# Autopilot summon/FSD for streamlining service center operations



## materialpointmethod (Jul 1, 2017)

Has anyone considered the potential for advanced summon/FSD to let the cars drive themselves from the service center parking lots into the workshop halls and onto the lift by themselves? How much time wouldn't this free up for the service technicians... And if the car is unable to drive, at least it can drive itself back out after repairs.
Even if not all owners have paid for the advanced summon/FSD, I believe it's primarily a software setting that could be toggled at a whim by the service center after the car has been dropped off.


----------



## BluestarE3 (Oct 12, 2017)

Wouldn't humans still be involved in deciding which cars go into the service bays and how to juggle the cars in the parking lot to free up the next one(s) for service? Considering how timid and tentative Summon is when merely backing a car out of a garage or parking space, I can't imagine how it would deal with moving multiple cars around and getting a specific one over to the correct bay. Better and faster to let humans do that.


----------



## materialpointmethod (Jul 1, 2017)

Not for the advanced summon which Tesla advertises as "finding you anywhere in a parking lot", which is also what Elon Musk said at the time they unveiled the D and talked about autopilot summon.
As for deciding which car, that's just a decision that can be made by service planning software at the SC or at the technician's discretion.

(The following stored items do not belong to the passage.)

(* Assume (F), fix $\alpha\in\,]0,1[$, and let $0\le u^-<u^+\le V$ with $\hat\rho_{u^+}>\check\rho_{u^-}$. Then $\check\rho_{u^+}<\check\rho_{u^-}<\hat\rho_{u^+}<\hat\rho_{u^-}$ and $$u^+-u^-\ \ge\ \frac{\beta}{2}\,\big(\hat\rho_{u^-}-\hat\rho_{u^+}\big).$$
   Context: Hypothesis (F): $R>0$; $f\in C^2([0,R];[0,+\infty))$ with $f(\rho)=\rho v(\rho)$, $v\in C^2([0,R];[0,+\infty))$; $f(0)=f(R)=0$; there are $B\ge\beta>0$ with $-B\le f''\le-\beta$ on $[0,R]$; $v'(\rho)<0$ for $\rho\in\,]0,R[$. Let $V:=\max_{[0,R]}v=v(0)$. Define $f_\alpha(\rho):=\alpha f(\rho/\alpha)$ for $\rho\in[0,\alpha R]$. For $u\in[0,V]$: $\tilde\rho_u$ is the unique solution of $f_\alpha'(\rho)=u$; $\varphi_u(\rho):=f_\alpha(\tilde\rho_u)+u(\rho-\tilde\rho_u)$ for $\rho\in[0,R]$; $\mathcal I_u:=\{\rho\in[0,R]: f(\rho)=\varphi_u(\rho)\}$, $\check\rho_u:=\min\mathcal I_u$, $\hat\rho_u:=\max\mathcal I_u$. *)

theory Defs
  imports "HOL-Analysis.Analysis"
begin

definition f_alpha :: "(real \<Rightarrow> real) \<Rightarrow> real \<Rightarrow> real \<Rightarrow> real" where
  "f_alpha f \<alpha> \<rho> = \<alpha> * f (\<rho> / \<alpha>)"

definition rho_tilde :: "(real \<Rightarrow> real) \<Rightarrow> real \<Rightarrow> real \<Rightarrow> real \<Rightarrow> real" where
  "rho_tilde f R \<alpha> u = (THE \<rho>. \<rho> \<in> {0..\<alpha>*R} \<and>
      (f_alpha f \<alpha> has_real_derivative u) (at \<rho> within {0..\<alpha>*R}))"

definition phi :: "(real \<Rightarrow> real) \<Rightarrow> real \<Rightarrow> real \<Rightarrow> real \<Rightarrow> real \<Rightarrow> real" where
  "phi f R \<alpha> u \<rho> = f_alpha f \<alpha> (rho_tilde f R \<alpha> u) + u * (\<rho> - rho_tilde f R \<alpha> u)"
(* Let $r\ge2$ be an integer, $m,\ell$ positive integers with $r<2^m$, let $\alpha_0\neq0$ be a real number with $\alpha_0\in(-r/2,r/2]$, and let $B$ be an integer with $1\le B<B_{\max}=(2^{m+\ell}/r-1)/2$. Then $$\sum_{t=-B}^{B}P(\alpha_0+rt)=\frac1r(1-\epsilon_R)+\epsilon_A$$ where $$0\le\epsilon_R\le\frac{1}{\pi^2}\left(\frac{2}{B}+\frac{1}{B^2}+\frac{1}{3B^3}\right)\quad\text{and}\quad|\epsilon_A|\le(2B+1)\tilde\epsilon,\qquad \tilde\epsilon=\frac{\pi^2}{2^{m+\ell}}\left(\frac34+\frac{r}{2^{m+\ell}}\cdot\frac1{12}\right).$$
   Context: Let $\beta=2^{m+\ell}\bmod r$ and $L=\lfloor 2^{m+\ell}/r\rfloor$. For real $\alpha$ not a multiple of $2^{m+\ell}$, $$P(\alpha)=\frac{\beta}{2^{2(m+\ell)}}\cdot\frac{1-\cos(2\pi\alpha(L+1)/2^{m+\ell})}{1-\cos(2\pi\alpha/2^{m+\ell})}+\frac{r-\beta}{2^{2(m+\ell)}}\cdot\frac{1-\cos(2\pi\alpha L/2^{m+\ell})}{1-\cos(2\pi\alpha/2^{m+\ell})}.$$ *)

theory Defs
  imports Complex_Main
begin

definition qpe_beta :: "nat \<Rightarrow> nat \<Rightarrow> nat \<Rightarrow> nat" where
  "qpe_beta r m l = 2 ^ (m + l) mod r"

definition qpe_L :: "nat \<Rightarrow> nat \<Rightarrow> nat \<Rightarrow> nat" where
  "qpe_L r m l = 2 ^ (m + l) div r"

definition qpe_P :: "nat \<Rightarrow> nat \<Rightarrow> nat \<Rightarrow> real \<Rightarrow> real" where
  "qpe_P r m l \<alpha> =
     (let N = (2::real) ^ (m + l); \<beta> = real (qpe_beta r m l); L = real (qpe_L r m l) in
      \<beta> / N\<^sup>2 * ((1 - cos (2 * pi * \<alpha> * (L + 1) / N)) / (1 - cos (2 * pi * \<alpha> / N)))
      + (real r - \<beta>) / N\<^sup>2 * ((1 - cos (2 * pi * \<alpha> * L / N)) / (1 - cos (2 * pi * \<alpha> / N))))"

end

theory Submission
  imports Defs "HOL-Analysis.Analysis" "HOL-Real_Asymp.Real_Asymp"
begin

(*
  Put N = 2^(m+l), \<theta> = \<pi>\<alpha>/N and x = \<alpha>0/r. Since 1 - cos 2z = 2 sin\<^sup>2 z,
    P(\<alpha>) = (\<beta> sin\<^sup>2((L+1)\<theta>) + (r-\<beta>) sin\<^sup>2(L\<theta>)) / (N\<^sup>2 sin\<^sup>2 \<theta>).
  For \<alpha> = \<alpha>0 + rt the identity rL + \<beta> = N shows that L\<theta> and (L+1)\<theta> differ from \<pi>x + t\<pi>
  by O(|\<alpha>|/N), while N sin \<theta> = \<pi>\<alpha> (1 + O(\<theta>\<^sup>2)) because |\<theta>| \<le> \<pi>/2. Hence every summand lies
  within 11/(2N) of sin\<^sup>2(\<pi>x) / (\<pi>\<^sup>2 r (x+t)\<^sup>2), and 11/2 \<le> 3\<pi>\<^sup>2/4 gives the bound on \<epsilon>A.
  By the reflection formula \<psi>'(x) + \<psi>'(1-x) = \<pi>\<^sup>2/sin\<^sup>2(\<pi>x) these main terms add up to
  (1 - \<epsilon>R)/r with \<epsilon>R = sin\<^sup>2(\<pi>x)/\<pi>\<^sup>2 (\<psi>'(x+B+1) + \<psi>'(1-x+B)), and 0 < \<psi>'(z) \<le> 1/(z - 1/2),
  obtained by comparison with a telescoping series, gives 0 \<le> \<epsilon>R \<le> 2/(\<pi>\<^sup>2 B).
*)

lemma has_field_derivative_unique_on_open:
  fixes f g :: "real \<Rightarrow> real"
  assumes "open S" "x \<in> S" "\<And>y. y \<in> S \<Longrightarrow> f y = g y"
    and "(f has_field_derivative f') (at x)" "(g has_field_derivative g') (at x)"
  shows "f' = g'"
proof -
  have "(g has_field_derivative f') (at x)"
    using has_field_derivative_transform_within_open[OF assms(4,1,2)] assms(3) by blast
  then show ?thesis
    using assms(5) DERIV_unique by blast
qed

lemma not_Ints_reflect:
  fixes y :: real
  assumes "y \<notin> \<int>"
  shows "1 - y \<notin> \<int>" "y \<notin> \<int>\<^sub>\<le>\<^sub>0" "1 - y \<notin> \<int>\<^sub>\<le>\<^sub>0" "sin (pi * y) \<noteq> 0"
proof -
  show "1 - y \<notin> \<int>"
    using assms Ints_diff[OF Ints_1, of "1 - y"] by auto
  then show "y \<notin> \<int>\<^sub>\<le>\<^sub>0" "1 - y \<notin> \<int>\<^sub>\<le>\<^sub>0"
    using assms nonpos_Ints_subset_Ints by blast+
  show "sin (pi * y) \<noteq> 0"
    using assms sin_times_pi_eq_0[of y] by (simp add: mult.commute)
qed

lemma Gamma_reflection_real:
  fixes x :: real
  assumes "x \<notin> \<int>"
  shows "Gamma x * Gamma (1 - x) = pi / sin (pi * x)"
proof -
  have "complex_of_real (Gamma x * Gamma (1 - x)) = Gamma (of_real x) * Gamma (of_real (1 - x))"
    by (simp only: of_real_mult Gamma_complex_of_real)
  also have "\<dots> = Gamma (of_real x) * Gamma (1 - of_real x)"
    by (simp only: of_real_diff of_real_1)
  also have "\<dots> = of_real pi / sin (of_real pi * of_real x)"
    by (rule Gamma_reflection_complex)
  also have "\<dots> = complex_of_real (pi / sin (pi * x))"
    by (simp only: of_real_mult[symmetric] sin_of_real of_real_divide)
  finally show ?thesis
    by (simp only: of_real_eq_iff)
qed

lemma Digamma_reflection_real:
  fixes y :: real
  assumes "y \<notin> \<int>"
  shows "Digamma y - Digamma (1 - y) = - pi * cos (pi * y) / sin (pi * y)"
proof -
  note y = not_Ints_reflect[OF assms]
  have "Gamma y * Gamma (1 - y) * (Digamma y - Digamma (1 - y))
        = - pi * (pi * cos (pi * y)) / sin (pi * y) ^ 2"
  proof (rule has_field_derivative_unique_on_open[of "- \<int>" y
        "\<lambda>x. Gamma x * Gamma (1 - x)" "\<lambda>x. pi / sin (pi * x)"])
    show "((\<lambda>x. Gamma x * Gamma (1 - x)) has_field_derivative
          Gamma y * Gamma (1 - y) * (Digamma y - Digamma (1 - y))) (at y)"
      using y by (auto intro!: derivative_eq_intros simp: algebra_simps)
    show "((\<lambda>x. pi / sin (pi * x)) has_field_derivative
          - pi * (pi * cos (pi * y)) / sin (pi * y) ^ 2) (at y)"
      using y by (auto intro!: derivative_eq_intros simp: power2_eq_square)
  qed (use assms Gamma_reflection_real in auto)
  then have "pi / sin (pi * y) * (Digamma y - Digamma (1 - y))
        = pi / sin (pi * y) * (- pi * cos (pi * y) / sin (pi * y))"
    using Gamma_reflection_real[OF assms] by (simp add: power2_eq_square)
  then show ?thesis
    using y by (subst (asm) mult_left_cancel) auto
qed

The car's connected so it "just" needs the command to drive somewhere.. Provided there is enough parking space, it's a matter of navigating, though, which is not really a solved problem (I believe state of the art is Boston Dynamics' newest Spot mini). But I believe it would be doable in a rather controlled parking lot and workshop layout.


----------



## Frully (Aug 30, 2018)

That is a novel use case. I think the big one for me is:

park at (super)charger at mall (potentially in a queueueueueue)
go 'do' mall.
charge til' set limit (including summon pulling into stall at queue time if not immediately available, and robot plugging cable in
robotic charger unplugs self when done
car re-parks itself in a non-charging stall until I'm done in the mall
(edit to add) advanced summon brings car to door when I'm done 'do' mall.
_My_ supercharger is at a mall, and I am a firm believer in commercial solutions installing chargers to encourage patronage. The trouble is superchargers are so damn fast that I find myself interrupting the activity to go babysit the charge lest I get idle fees.


----------